> _Exercise requirements_:
Start to finish, reproduce the records below with nothing missing.

> _Available records_:
lemma hyp32_term_of_real:
  "hyp32_term (of_real a1) (of_real a2) (of_real a3) (of_real b1) (of_real b2) n =
     (of_real (hyp32_term a1 a2 a3 b1 b2 n) :: complex)"
  by (simp add: hyp32_term_def pochhammer_of_real)

lemma hyp32_term_bound:
  fixes a1 a2 a3 b1 b2 :: complex
  assumes "b1 \<notin> \<int>\<^sub>\<le>\<^sub>0" "b2 \<notin> \<int>\<^sub>\<le>\<^sub>0"
  obtains K where "K > 0" and "\<And>n. n > 0 \<Longrightarrow>
    norm (hyp32_term a1 a2 a3 b1 b2 n) \<le> K * real n powr (- (Re (b1 + b2 - a1 - a2 - a3) + 1))"
proof -
  define \<sigma> where "\<sigma> = b1 + b2 - a1 - a2 - a3"
  let ?r = rGamma_pochhammer_seq
  define R where "R n = ?r a1 n * ?r a2 n * ?r a3 n / (?r b1 n * ?r b2 n * ?r 1 n)" for n
  have R: "hyp32_term a1 a2 a3 b1 b2 n = R n * of_nat n powr (- (\<sigma> + 1))" if "n > 0" for n
    using pochhammer_prod_ratio[of "[a1, a2, a3]" "[b1, b2, 1]" n] that
    by (simp add: hyp32_term_def R_def \<sigma>_def pochhammer_fact mult.assoc algebra_simps)
  have "R \<longlonglongrightarrow> rGamma a1 * rGamma a2 * rGamma a3 / (rGamma b1 * rGamma b2 * rGamma 1)"
    unfolding R_def[abs_def] using assms
    by (intro tendsto_intros rGamma_pochhammer_seq_LIMSEQ) (auto simp: rGamma_eq_zero_iff)
  then obtain K where K: "K > 0" "\<And>n. norm (R n) \<le> K"
    using convergent_imp_Bseq BseqE convergentI by metis
  show ?thesis
  proof (rule that[OF K(1)])
    fix n :: nat assume n: "n > 0"
    have "norm (hyp32_term a1 a2 a3 b1 b2 n) = norm (R n) * real n powr (- (Re \<sigma> + 1))"
      using n by (simp add: R norm_mult norm_powr_real_powr)
    also have "\<dots> \<le> K * real n powr (- (Re \<sigma> + 1))"
      using K(2) by (rule mult_right_mono) simp
    finally show "norm (hyp32_term a1 a2 a3 b1 b2 n) \<le> K * real n powr (- (Re (b1 + b2 - a1 - a2 - a3) + 1))"
      unfolding \<sigma>_def .
  qed
qed

lemma summable_norm_hyp32_term:
  fixes a1 a2 a3 b1 b2 :: complex
  assumes "b1 \<notin> \<int>\<^sub>\<le>\<^sub>0" "b2 \<notin> \<int>\<^sub>\<le>\<^sub>0" "Re (b1 + b2 - a1 - a2 - a3) > 0"
  shows "summable (\<lambda>n. norm (hyp32_term a1 a2 a3 b1 b2 n))"
proof -
  obtain K where K: "K > 0" "\<And>n. n > 0 \<Longrightarrow>
      norm (hyp32_term a1 a2 a3 b1 b2 n) \<le> K * real n powr (- (Re (b1 + b2 - a1 - a2 - a3) + 1))"
    using hyp32_term_bound[OF assms(1,2)] by blast
  have "summable (\<lambda>n. K * real n powr (- (Re (b1 + b2 - a1 - a2 - a3) + 1)))"
    using assms(3) by (intro summable_mult) (simp add: summable_real_powr_iff)
  moreover have "\<forall>\<^sub>F n in sequentially. norm (norm (hyp32_term a1 a2 a3 b1 b2 n)) \<le>
      K * real n powr (- (Re (b1 + b2 - a1 - a2 - a3) + 1))"
    using eventually_gt_at_top[of 0] by eventually_elim (use K in auto)
  ultimately show ?thesis by (rule summable_comparison_test_ev[rotated])
qed

lemma hyp32_term_times_n_LIMSEQ:
  fixes a1 a2 a3 b1 b2 :: complex
  assumes "b1 \<notin> \<int>\<^sub>\<le>\<^sub>0" "b2 \<notin> \<int>\<^sub>\<le>\<^sub>0" "Re (b1 + b2 - a1 - a2 - a3) > 0"
  shows "(\<lambda>n. of_nat n * hyp32_term a1 a2 a3 b1 b2 n) \<longlonglongrightarrow> 0"
proof -
  define \<sigma> where "\<sigma> = Re (b1 + b2 - a1 - a2 - a3)"
  obtain K where K: "K > 0" "\<And>n. n > 0 \<Longrightarrow> norm (hyp32_term a1 a2 a3 b1 b2 n) \<le> K * real n powr (- (\<sigma> + 1))"
    using hyp32_term_bound[OF assms(1,2)] unfolding \<sigma>_def by blast
  have "(\<lambda>n. K * real n powr (- \<sigma>)) \<longlonglongrightarrow> 0"
    using assms(3) unfolding \<sigma>_def
    by (intro tendsto_mult_right_zero tendsto_neg_powr filterlim_real_sequentially) auto
  moreover have "\<forall>\<^sub>F n in sequentially. norm (of_nat n * hyp32_term a1 a2 a3 b1 b2 n) \<le> K * real n powr (- \<sigma>)"
    using eventually_gt_at_top[of 0]
  proof eventually_elim
    case (elim n)
    have "norm (of_nat n * hyp32_term a1 a2 a3 b1 b2 n) \<le> real n * (K * real n powr (- (\<sigma> + 1)))"
      using K(2)[OF elim] unfolding norm_mult norm_of_nat by (rule mult_left_mono) simp
    also have "\<dots> = K * (real n powr 1 * real n powr (- (\<sigma> + 1)))"
      using elim by simp
    also have "\<dots> = K * real n powr (- \<sigma>)"
      unfolding powr_add[symmetric] by simp
    finally show ?case .
  qed
  ultimately show ?thesis by (rule Lim_null_comparison[rotated])
qed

> _Answer to this exercise_:
lemma hyp32_term_of_real:
  "hyp32_term (of_real a1) (of_real a2) (of_real a3) (of_real b1) (of_real b2) n =
     (of_real (hyp32_term a1 a2 a3 b1 b2 n) :: complex)"
  by (simp add: hyp32_term_def pochhammer_of_real)

lemma hyp32_term_bound:
  fixes a1 a2 a3 b1 b2 :: complex
  assumes "b1 \<notin> \<int>\<^sub>\<le>\<^sub>0" "b2 \<notin> \<int>\<^sub>\<le>\<^sub>0"
  obtains K where "K > 0" and "\<And>n. n > 0 \<Longrightarrow>
    norm (hyp32_term a1 a2 a3 b1 b2 n) \<le> K * real n powr (- (Re (b1 + b2 - a1 - a2 - a3) + 1))"
proof -
  define \<sigma> where "\<sigma> = b1 + b2 - a1 - a2 - a3"
  let ?r = rGamma_pochhammer_seq
  define R where "R n = ?r a1 n * ?r a2 n * ?r a3 n / (?r b1 n * ?r b2 n * ?r 1 n)" for n
  have R: "hyp32_term a1 a2 a3 b1 b2 n = R n * of_nat n powr (- (\<sigma> + 1))" if "n > 0" for n
    using pochhammer_prod_ratio[of "[a1, a2, a3]" "[b1, b2, 1]" n] that
    by (simp add: hyp32_term_def R_def \<sigma>_def pochhammer_fact mult.assoc algebra_simps)
  have "R \<longlonglongrightarrow> rGamma a1 * rGamma a2 * rGamma a3 / (rGamma b1 * rGamma b2 * rGamma 1)"
    unfolding R_def[abs_def] using assms
    by (intro tendsto_intros rGamma_pochhammer_seq_LIMSEQ) (auto simp: rGamma_eq_zero_iff)
  then obtain K where K: "K > 0" "\<And>n. norm (R n) \<le> K"
    using convergent_imp_Bseq BseqE convergentI by metis
  show ?thesis
  proof (rule that[OF K(1)])
    fix n :: nat assume n: "n > 0"
    have "norm (hyp32_term a1 a2 a3 b1 b2 n) = norm (R n) * real n powr (- (Re \<sigma> + 1))"
      using n by (simp add: R norm_mult norm_powr_real_powr)
    also have "\<dots> \<le> K * real n powr (- (Re \<sigma> + 1))"
      using K(2) by (rule mult_right_mono) simp
    finally show "norm (hyp32_term a1 a2 a3 b1 b2 n) \<le> K * real n powr (- (Re (b1 + b2 - a1 - a2 - a3) + 1))"
      unfolding \<sigma>_def .
  qed
qed

lemma summable_norm_hyp32_term:
  fixes a1 a2 a3 b1 b2 :: complex
  assumes "b1 \<notin> \<int>\<^sub>\<le>\<^sub>0" "b2 \<notin> \<int>\<^sub>\<le>\<^sub>0" "Re (b1 + b2 - a1 - a2 - a3) > 0"
  shows "summable (\<lambda>n. norm (hyp32_term a1 a2 a3 b1 b2 n))"
proof -
  obtain K where K: "K > 0" "\<And>n. n > 0 \<Longrightarrow>
      norm (hyp32_term a1 a2 a3 b1 b2 n) \<le> K * real n powr (- (Re (b1 + b2 - a1 - a2 - a3) + 1))"
    using hyp32_term_bound[OF assms(1,2)] by blast
  have "summable (\<lambda>n. K * real n powr (- (Re (b1 + b2 - a1 - a2 - a3) + 1)))"
    using assms(3) by (intro summable_mult) (simp add: summable_real_powr_iff)
  moreover have "\<forall>\<^sub>F n in sequentially. norm (norm (hyp32_term a1 a2 a3 b1 b2 n)) \<le>
      K * real n powr (- (Re (b1 + b2 - a1 - a2 - a3) + 1))"
    using eventually_gt_at_top[of 0] by eventually_elim (use K in auto)
  ultimately show ?thesis by (rule summable_comparison_test_ev[rotated])
qed

lemma hyp32_term_times_n_LIMSEQ:
  fixes a1 a2 a3 b1 b2 :: complex
  assumes "b1 \<notin> \<int>\<^sub>\<le>\<^sub>0" "b2 \<notin> \<int>\<^sub>\<le>\<^sub>0" "Re (b1 + b2 - a1 - a2 - a3) > 0"
  shows "(\<lambda>n. of_nat n * hyp32_term a1 a2 a3 b1 b2 n) \<longlonglongrightarrow> 0"
proof -
  define \<sigma> where "\<sigma> = Re (b1 + b2 - a1 - a2 - a3)"
  obtain K where K: "K > 0" "\<And>n. n > 0 \<Longrightarrow> norm (hyp32_term a1 a2 a3 b1 b2 n) \<le> K * real n powr (- (\<sigma> + 1))"
    using hyp32_term_bound[OF assms(1,2)] unfolding \<sigma>_def by blast
  have "(\<lambda>n. K * real n powr (- \<sigma>)) \<longlonglongrightarrow> 0"
    using assms(3) unfolding \<sigma>_def
    by (intro tendsto_mult_right_zero tendsto_neg_powr filterlim_real_sequentially) auto
  moreover have "\<forall>\<^sub>F n in sequentially. norm (of_nat n * hyp32_term a1 a2 a3 b1 b2 n) \<le> K * real n powr (- \<sigma>)"
    using eventually_gt_at_top[of 0]
  proof eventually_elim
    case (elim n)
    have "norm (of_nat n * hyp32_term a1 a2 a3 b1 b2 n) \<le> real n * (K * real n powr (- (\<sigma> + 1)))"
      using K(2)[OF elim] unfolding norm_mult norm_of_nat by (rule mult_left_mono) simp
    also have "\<dots> = K * (real n powr 1 * real n powr (- (\<sigma> + 1)))"
      using elim by simp
    also have "\<dots> = K * real n powr (- \<sigma>)"
      unfolding powr_add[symmetric] by simp
    finally show ?case .
  qed
  ultimately show ?thesis by (rule Lim_null_comparison[rotated])
qed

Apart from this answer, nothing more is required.